TO DO —
Retype, word for word, each line between the lines holding "less.prems by auto" and "(auto simp: mod_Suc)", inclusive, and leave the rest of the data alone.

[Stored items]
··········
lemma saving_Suc_braid:
  assumes k: "k = Suc (Suc k')" and "r \<ge> 2" "r' \<ge> 2"
  shows "saving k (Suc (d + k')) r = 1 + saving k d r'"
proof -
  have "int d div (int k' + 1)
      = (if int k' + 1 \<le> int d then 1 + (int d - (int k' + 1)) div (int k' + 1) else 0)"
    by (simp add: div_pos_geq)
  then show ?thesis using assms by (simp add: saving_def Let_def algebra_simps)
qed

lemma cyclic_word_refl_prod:
  assumes n: "n \<ge> 4" and k: "k \<ge> 2" and r: "1 \<le> r" "r \<le> n"
  shows "\<exists>m. refl_prod n k m (cyclic_word n p (lam * n + r))
               \<and> int m \<le> int lam * (int n - 2) + int r - 2 * saving k lam r"
  using r
proof (induction lam arbitrary: r p rule: less_induct)
  case (less lam)
  have n0: "n > 0" and a: "p mod n + 1 \<in> {1..n}" using n by (auto simp: Suc_le_eq)
  show ?case
  proof (cases lam)
    case 0
    then show ?thesis using refl_prod_length[OF gen_word_cyclic_word[OF n0], of k p r]
      by (intro exI[of _ r]) (simp add: saving_0[OF k])
  next
    case (Suc l)
    show ?thesis
    proof (cases "r = 1 \<or> lam + 1 < k")
      case True
      have "\<exists>m. refl_prod n k m (cyclic_word n (p + 1) (l * n + (n - 1)))
          \<and> int m \<le> int l * (int n - 2) + int (n - 1) - 2 * saving k l (n - 1)"
        using less.IH[of l "n - 1" "p + 1"] Suc n by simp
      then obtain m where m: "refl_prod n k m (cyclic_word n (p + 1) (l * n + (n - 1)))"
        "int m \<le> int l * (int n - 2) + int (n - 1) - 2 * saving k l (n - 1)" by blast
      from refl_prod_conj_append[OF m(1) a gen_word_cyclic_word[OF n0], of "p + 1" "r - 1"]
      have "refl_prod n k (m + (r - 1)) (cyclic_word n p (lam * n + r))"
        unfolding Suc cyclic_word_conj_split[OF less.prems] length_cyclic_word .
      moreover have "saving k lam r \<le> saving k l (n - 1)"
        using saving_le_saving_Suc[of k r l "n - 1"] True Suc k n by simp
      moreover have "int lam * (int n - 2) = int l * (int n - 2) + int n - 2"
        using Suc by (simp add: algebra_simps)
      ultimately show ?thesis using m(2) less.prems n
        by (intro exI[of _ "m + (r - 1)"]) (simp add: of_nat_diff)
    next
      case False
      then have r2: "r \<ge> 2" and "lam + 1 \<ge> k" using less.prems by auto
      then obtain k' d where k': "k = Suc (Suc k')" and d: "lam = Suc (d + k')"
        using k by (intro that[of "k - 2" "lam + 1 - k"]) auto
      have b: "Suc p mod n + 1 \<in> {1..n}" using n0 by (simp add: Suc_le_eq)
      have ab: "p mod n + 1 \<noteq> Suc p mod n + 1" using n by (auto simp: mod_Suc)
      have "\<exists>m. refl_prod n k m (cyclic_word n (p + 2) (d * n + (n - 2)))
          \<and> int m \<le> int d * (int n - 2) + int (n - 2) - 2 * saving k d (n - 2)"
        using less.IH[of d "n - 2" "p + 2"] d n by simp
      then obtain m where m: "refl_prod n k m (cyclic_word n (p + 2) (d * n + (n - 2)))"
        "int m \<le> int d * (int n - 2) + int (n - 2) - 2 * saving k d (n - 2)" by blast
      from refl_prod_braid[OF m(1) k' a b ab gen_word_cyclic_word[OF n0] gen_word_cyclic_word[OF n0]]
      have "refl_prod n k (m + k' * (n - 2) + (r - 2)) (cyclic_word n p (lam * n + r))"
        unfolding d cyclic_word_braid_split[OF r2 less.prems(2)] length_cyclic_word .
      moreover have "saving k lam r = 1 + saving k d (n - 2)"
        using saving_Suc_braid[OF k' r2, of "n - 2" d] d n by simp
      moreover have "int lam * (int n - 2) = int d * (int n - 2) + (int n - 2) + int k' * (int n - 2)"
        using d by (simp add: algebra_simps)
      ultimately show ?thesis using m(2) r2 n
        by (intro exI[of _ "m + k' * (n - 2) + (r - 2)"]) (simp add: of_nat_diff)
    qed
  qed
qed
lemma cyclic_coeff_ypoly: "cyclic_coeff n k (ypoly B) = [:cyclic_coeff n k B:]"
  by (simp add: cyclic_coeff_def sum_to_poly[symmetric] if_distrib[of "\<lambda>x. [:x:]"] cong: if_cong)

lemma cyclic_dvd_if_cyclic_coeffs_zero:
  fixes p :: "'a::field poly"
  assumes "n > 0" and zero: "\<And>k. k < n \<Longrightarrow> cyclic_coeff n k p = 0"
  shows "monom 1 n - 1 dvd p"
proof -
  let ?X = "monom 1 n - 1 :: 'a poly"
  have "degree ?X = n"
    using assms(1) by (rule degree_cyclic)
  then have degree_rem: "degree (p mod ?X) < n"
    using assms(1) degree_mod_less[of ?X p] cyclic_nonzero[of n] by (cases "p mod ?X = 0") auto
  have "cyclic_coeff n k (p mod ?X) = cyclic_coeff n k p" for k
    using cyclic_coeff_mult_cyclic[of n k "p div ?X"]
    by (subst (2) div_mult_mod_eq[symmetric, of p ?X]) (simp add: cyclic_coeff_add)
  then have "coeff (p mod ?X) k = 0" for k
    using zero cyclic_coeff_low[OF degree_rem] degree_rem
    by (cases "k < n") (simp_all add: coeff_eq_0)
  then show ?thesis
    by (simp add: poly_eq_iff mod_eq_0_iff_dvd[symmetric])
qed

lemma dvd_x_factor_or_cyclic_dvd_y_factor:
  fixes A B D :: "'a::field poly"
  assumes "n > 0" and eq: "smult A (ypoly B) = smult D p + q * ypoly (monom 1 n - 1)"
  shows "D dvd A \<or> monom 1 n - 1 dvd B"
proof (cases "\<exists>k<n. cyclic_coeff n k B \<noteq> 0")
  case True
  then obtain k where "cyclic_coeff n k B \<noteq> 0"
    by blast
  moreover have "smult (cyclic_coeff n k B) A = D * cyclic_coeff n k p"
    using arg_cong[OF eq, of "cyclic_coeff n k"]
    by (simp add: cyclic_coeff_add cyclic_coeff_smult cyclic_coeff_ypoly ypoly_cyclic
        cyclic_coeff_mult_cyclic mult.commute[of A])
  ultimately show ?thesis
    by (metis dvd_smult_cancel dvd_triv_left)
next
  case False
  then show ?thesis
    using cyclic_dvd_if_cyclic_coeffs_zero[OF assms(1)] by blast
qed

lemma map_poly_cyclic_coeff_mult_ypoly:
  "map_poly (cyclic_coeff n k) (p * ypoly E) = map_poly (cyclic_coeff n k) p * E"
  unfolding mult.commute[of p] mult.commute[of _ E]
  by (rule poly_eqI) (simp add: coeff_map_poly coeff_mult cyclic_coeff_sum cyclic_coeff_smult)

lemma dvd_y_factor_or_cyclic_dvd_x_factor:
  fixes A B E :: "'a::field poly"
  assumes "n > 0" and eq: "smult A (ypoly B) = p * ypoly E + smult (monom 1 n - 1) q"
  shows "E dvd B \<or> monom 1 n - 1 dvd A"
proof (cases "\<exists>k<n. cyclic_coeff n k A \<noteq> 0")
  case True
  then obtain k where "cyclic_coeff n k A \<noteq> 0"
    by blast
  moreover have "smult (cyclic_coeff n k A) B = map_poly (cyclic_coeff n k) p * E"
  proof -
    have "smult (cyclic_coeff n k A) B = map_poly (cyclic_coeff n k) (smult A (ypoly B))"
      by (rule poly_eqI) (simp add: coeff_map_poly cyclic_coeff_smult mult.commute)
    also have "\<dots> = map_poly (cyclic_coeff n k) (p * ypoly E)"
      unfolding eq
      by (rule poly_eqI) (simp add: coeff_map_poly cyclic_coeff_add mult.commute[of "monom 1 n - 1"]
          cyclic_coeff_mult_cyclic)
    finally show ?thesis
      by (simp add: map_poly_cyclic_coeff_mult_ypoly)
  qed
  ultimately show ?thesis
    by (metis dvd_smult_cancel dvd_triv_right)
next
  case False
  then show ?thesis
    using cyclic_dvd_if_cyclic_coeffs_zero[OF assms(1)] by blast
qed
··········
RESULT —
      then have r2: "r \<ge> 2" and "lam + 1 \<ge> k" using less.prems by auto
      then obtain k' d where k': "k = Suc (Suc k')" and d: "lam = Suc (d + k')"
        using k by (intro that[of "k - 2" "lam + 1 - k"]) auto
      have b: "Suc p mod n + 1 \<in> {1..n}" using n0 by (simp add: Suc_le_eq)
      have ab: "p mod n + 1 \<noteq> Suc p mod n + 1" using n by (auto simp: mod_Suc)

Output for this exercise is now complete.